Sweet Potato Biscuits

My mother makes these great biscuits from little to no ingredients and they are some of my favorite breakfast foods even though I'm not a huge fan of sweet potatoes. 2 med/large sweet potatoes smidge of butter or Crisco 2 cups Bisquick 1/2 cup Splenda or sugar 1/2 cup Bisquick additional

Grease 2 medium/large sweet potatoes in butter/Crisco and cook for 75-80 minutes at 425 degrees. The potatoes will "leak" sticky juices, so you might want to put them on aluminum foil. You an tell they're getting done when the skin puffs up away from the potato. Wait for them to cool and peel the skin off (you can do this by hand).

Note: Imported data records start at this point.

(* There is an absolute constant $c>0$ such that for all positive integers $n,S,G$ there is a formula on the $n$ input variables $x_1,\dots,x_n$ with formula size at most $S$ and at most $G$ gates, computing a function $f$ with $Q(f)\ge c\min\{n,\sqrt{S},n^{1/2}G^{1/4}\}$.
   Context: A formula on input variables $x_1,\dots,x_n$ is a rooted tree whose leaves are labeled by input variables (the same variable may label many leaves) and whose internal vertices are \textsc{not} gates (fanin 1) or unbounded-fanin \textsc{and}/\textsc{or} gates. The formula size is the number of leaves; the gate count is the number of \textsc{and} and \textsc{or} gates. $Q(f)$ denotes bounded-error quantum query complexity: the minimum number of queries to the oracle $|i,b\rangle\mapsto|i,b\oplus x_i\rangle$ by a quantum algorithm outputting $f(x)$ with probability at least $2/3$ on every input. *)

theory Defs
  imports Complex_Main
begin

text \<open>Variables are indexed from 0: input variable x_(i+1) is Var i.
  Inputs are x :: nat \<Rightarrow> bool; only the values x 0, ..., x (n-1) matter.\<close>

datatype formula = Var nat | Neg formula | AndG "formula list" | OrG "formula list"

fun eval :: "formula \<Rightarrow> (nat \<Rightarrow> bool) \<Rightarrow> bool" where
  "eval (Var i) x = x i"
| "eval (Neg \<phi>) x = (\<not> eval \<phi> x)"
| "eval (AndG \<phi>s) x = (\<forall>\<psi>\<in>set \<phi>s. eval \<psi> x)"
| "eval (OrG \<phi>s) x = (\<exists>\<psi>\<in>set \<phi>s. eval \<psi> x)"

text \<open>Formula size = number of leaves.\<close>
fun leaves :: "formula \<Rightarrow> nat" where
  "leaves (Var i) = 1"
| "leaves (Neg \<phi>) = leaves \<phi>"
| "leaves (AndG \<phi>s) = sum_list (map leaves \<phi>s)"
| "leaves (OrG \<phi>s) = sum_list (map leaves \<phi>s)"
lemma basin_0: "basin N D f 0 = pball N 0 r0"
proof (rule basin_eq_pball)
  fix y
  assume "N (y - 0) < r0"
  then have q: "0 \<le> N a * N y" "N a * N y < 1"
    using less_r0_iff N_a_pos N_nonneg by simp_all
  have "x \<in> D \<and> N (f x - 0) \<le> (N a * N y) * N (x - 0)" if "N (x - 0) \<le> N (y - 0)" for x
  proof
    have "N x < r0"
      using that \<open>N (y - 0) < r0\<close> by simp
    then show "x \<in> D"
      using N_denominator_near_0 mem_D_iff by force
    have "N a * N x * N x \<le> N a * N y * N x"
      using that N_nonneg[of a] N_nonneg[of x] by (intro mult_right_mono mult_left_mono) simp_all
    then show "N (f x - 0) \<le> (N a * N y) * N (x - 0)"
      using N_qmap_near_0[OF \<open>N x < r0\<close>] by (simp add: power2_eq_square mult.assoc)
  qed
  with q show "\<exists>q\<ge>0. q < 1 \<and> (\<forall>x. N (x - 0) \<le> N (y - 0) \<longrightarrow> x \<in> D \<and> N (f x - 0) \<le> q * N (x - 0))"
    by blast
next
  show "0 < r0"
    using N_b N_a_pos by simp
next
  fix x
  assume "x \<in> D" and "r0 \<le> N (x - 0)"
  then show "N (x - 0) \<le> N (f x - 0)"
    using N_qmap_far_from_0 by simp
qed
(* Let $P$ be the uniform probability measure on $[0,1]$, $Q$ a probability measure on $[0,1]$ with unimodal density $r = dQ/dP$, maximiser $x^*$ and $r_{max} = \sup r<\infty$. Let $B_1, B_2,\dots$ be the bounds produced by AS* and $Z_n = P(B_n)$. Then for every $\gamma\in[0,1]$ and $n \ge 1$, $$\mathbb{P}(Z_n \ge w(\gamma)) \le \frac{1}{w(\gamma)}\left(\frac{3}{4}\right)^{n-1}.$$
   Context: Unimodal: $r$ non-decreasing on $[0,x^*]$, non-increasing on $[x^*,1]$, $r(x^* ) = r_{max}$. $S(\gamma) = \{x\in[0,1] : r(x)\ge\gamma r_{max}\}$ and $w(\gamma) = \inf\{\delta\in[0,1] : \exists z\in[0,1],\ S(\gamma)\subseteq[z,z+\delta]\}$. $\mathrm{TG}(\mu,\kappa)$ is the unit-scale Gumbel with location $\mu$ truncated to $(-\infty,\kappa]$ (density $\propto \exp(-(g-\mu)-e^{-(g-\mu)})$ on $g\le\kappa$). AS*: $B_1=[0,1]$, $G_0=+\infty$; for every $n\ge1$ draw $G_n\sim\mathrm{TG}(\log P(B_n),G_{n-1})$ and independently $X_n\sim P(\cdot\cap B_n)/P(B_n)$; set $L_n=\max_{k\le n}(\log r(X_k)+G_k)$, $U_n=\log r_{max}+G_n$, and $B_{n+1}=[\max(\{0\}\cup\{X_k:k\le n,X_k\le x^*\}),\ \min(\{1\}\cup\{X_k:k\le n,X_k\ge x^*\})]$. These sequences are defined for all $n$; the algorithm's number of steps is $T=\min\{n\ge1: L_n\ge U_n\}$. *)

theory Defs
  imports "HOL-Probability.Probability"
begin

definition unifP :: "real measure" where
  "unifP = uniform_measure lborel {0..1}"

definition Slev :: "(real \<Rightarrow> real) \<Rightarrow> real \<Rightarrow> real \<Rightarrow> real set" where
  "Slev r rmax \<gamma> = {x \<in> {0..1}. r x \<ge> \<gamma> * rmax}"

definition wid :: "(real \<Rightarrow> real) \<Rightarrow> real \<Rightarrow> real \<Rightarrow> real" where
  "wid r rmax \<gamma> = Inf {\<delta> \<in> {0..1}. \<exists>z\<in>{0..1}. Slev r rmax \<gamma> \<subseteq> {z..z+\<delta>}}"

definition gumbel_dens :: "real \<Rightarrow> real \<Rightarrow> real" where
  "gumbel_dens \<mu> g = exp (- (g - \<mu>) - exp (- (g - \<mu>)))"

definition TG :: "real \<Rightarrow> ereal \<Rightarrow> real measure" where
  "TG \<mu> \<kappa> = density lborel (\<lambda>g.
      ennreal (gumbel_dens \<mu> g) * indicator {h. ereal h \<le> \<kappa>} g /
      (\<integral>\<^sup>+ h. ennreal (gumbel_dens \<mu> h) * indicator {h. ereal h \<le> \<kappa>} h \<partial>lborel))"

text \<open>X_n ~ P(. \<inter> B_n)/P(B_n), i.e. uniform on B_n=[a,b]
  (degenerate case a = b, a null event, handled by a point mass).\<close>
definition unifB :: "real \<Rightarrow> real \<Rightarrow> real measure" where
  "unifB a b = (if a < b then uniform_measure lborel {a..b} else return borel a)"

text \<open>One step of AS*: state (a, b, g) encodes B_n = [a,b] and G_{n-1} = g.
  Draw X_n and G_n independently, and produce (B_{n+1}, G_n).\<close>
definition AS_step :: "real \<Rightarrow> real \<times> real \<times> ereal \<Rightarrow> (real \<times> real \<times> ereal) measure" where
  "AS_step xs s = (case s of (a, b, g) \<Rightarrow>
     distr (unifB a b \<Otimes>\<^sub>M TG (ln (measure unifP {a..b})) g) borel
       (\<lambda>(x, g'). (if x \<le> xs then max a x else a, if x \<ge> xs then min b x else b, ereal g')))"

Mix potatoes with 2 cups of Bisquick and 1/2 cup Splenda/sugar. They will be really sticky so use the remaining the 1/2 cup Bisquick to get them off your hands. Pull off pieces into golf ball sized bits and put on a cookie sheet. You can roll them out if you really want, but they taste just as good if they're uneven.

Bake at 425 for 12-15 minutes, checking the bottoms to make sure they're not too brown.

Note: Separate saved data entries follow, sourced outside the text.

(* Let $m\ge1$, $R=\mathbb C[y_1,\dots,y_m]/(y_1^2,\dots,y_m^2)$ and $\omega=y_1+\dots+y_m$. The elements $$\rho_{j,T}:=\frac1{j!}\,\omega^jV_T(y_1,\dots,y_m),\qquad T\in\mathbf T_{m,l},\ 0\le l\le\lfloor m/2\rfloor,\ 0\le j\le m-2l,$$ form a basis of $R$, and for each $l$ those with $T\in\mathbf T_{m,l}$ form a basis of the isotypic component $R_l=\bigoplus_{j=0}^{m-2l}\omega^j\operatorname{span}\{V_T:T\in\mathbf T_{m,l}\}$.
   Context: $\mathbf T_{m,l}$ is the set of standard Young tableaux of shape $(2^l,1^{m-2l})$ ($l$ rows of length 2, then $m-2l$ rows of length 1) filled with $1,\dots,m$; row $i\le l$ contains $a_{i,1}<a_{i,2}$. For $T\in\mathbf T_{m,l}$, $V_T(y_1,\dots,y_m):=\prod_{i=1}^l(y_{a_{i,1}}-y_{a_{i,2}})$. *)

theory Defs
  imports Complex_Main
begin

text \<open>Concrete model of R = C[y_1..y_m]/(y_1^2,...,y_m^2): an element is the coefficient
function on squarefree monomials y_S (S a subset of {1..m}); y_S * y_T = y_(S union T)
if S, T disjoint and 0 otherwise.\<close>

definition Rm :: "nat \<Rightarrow> (nat set \<Rightarrow> complex) set" where
  "Rm m = {f. \<forall>S. f S \<noteq> 0 \<longrightarrow> S \<subseteq> {1..m}}"

definition rmul :: "(nat set \<Rightarrow> complex) \<Rightarrow> (nat set \<Rightarrow> complex) \<Rightarrow> (nat set \<Rightarrow> complex)" where
  "rmul f g = (\<lambda>S. \<Sum>A\<in>Pow S. f A * g (S - A))"

definition rone :: "nat set \<Rightarrow> complex" where
  "rone = (\<lambda>S. if S = {} then 1 else 0)"

definition yv :: "nat \<Rightarrow> nat set \<Rightarrow> complex" where
  "yv i = (\<lambda>S. if S = {i} then 1 else 0)"

definition rpow :: "(nat set \<Rightarrow> complex) \<Rightarrow> nat \<Rightarrow> (nat set \<Rightarrow> complex)" where
  "rpow f j = (rmul f ^^ j) rone"

definition omega :: "nat \<Rightarrow> nat set \<Rightarrow> complex" where
  "omega m = (\<lambda>S. \<Sum>i=1..m. yv i S)"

I highly recommend these served with slices of crisp bacon in between like tasty little sandwiches.

Apple Pancakes

Another Laura creation (with egg substitutes as necessary). These pancakes are more crepe-like, rather than cake-like. So you can eat a very large pancake and be full, but not feel like you just ate the stuffing from your throw pillows the rest of the morning. Granny Smith apples are the best for these tasty cakes. Yields about twelve 4-inch pancakes or 4 servings

1 1/4 cups all-purpose flour 2 tbs sugar 2 tsp baking poweder 3/4 tsp salt 1 1/3 cups milk 1 egg, slightly beaten 1/4 tsp ground cinnamon 1 fist-sized Granny Smith apple, peeled and cut into bite sized pieces vegetable oil

In large bowl, mix flour, sugar, baking powder, and salt. Add milk, egg, and 3 tablespoons vegetable oil, and stir just until flour is moistened. Add cinnamon and apples.

Heat griddle or skillet over medium heat until drop of water sizzles; brush lightly with vegetable oil. Pour batter by scant 1/4 cupfuls onto griddle, making a few pancakes at a time; cook until tops are bubbley and bubbles burst; edges will look dry. With pancake turner, turn and cook until undersides are golden; place on warm platte ; keep warm.

Keep an eye on the griddle and brush on more oil as needed.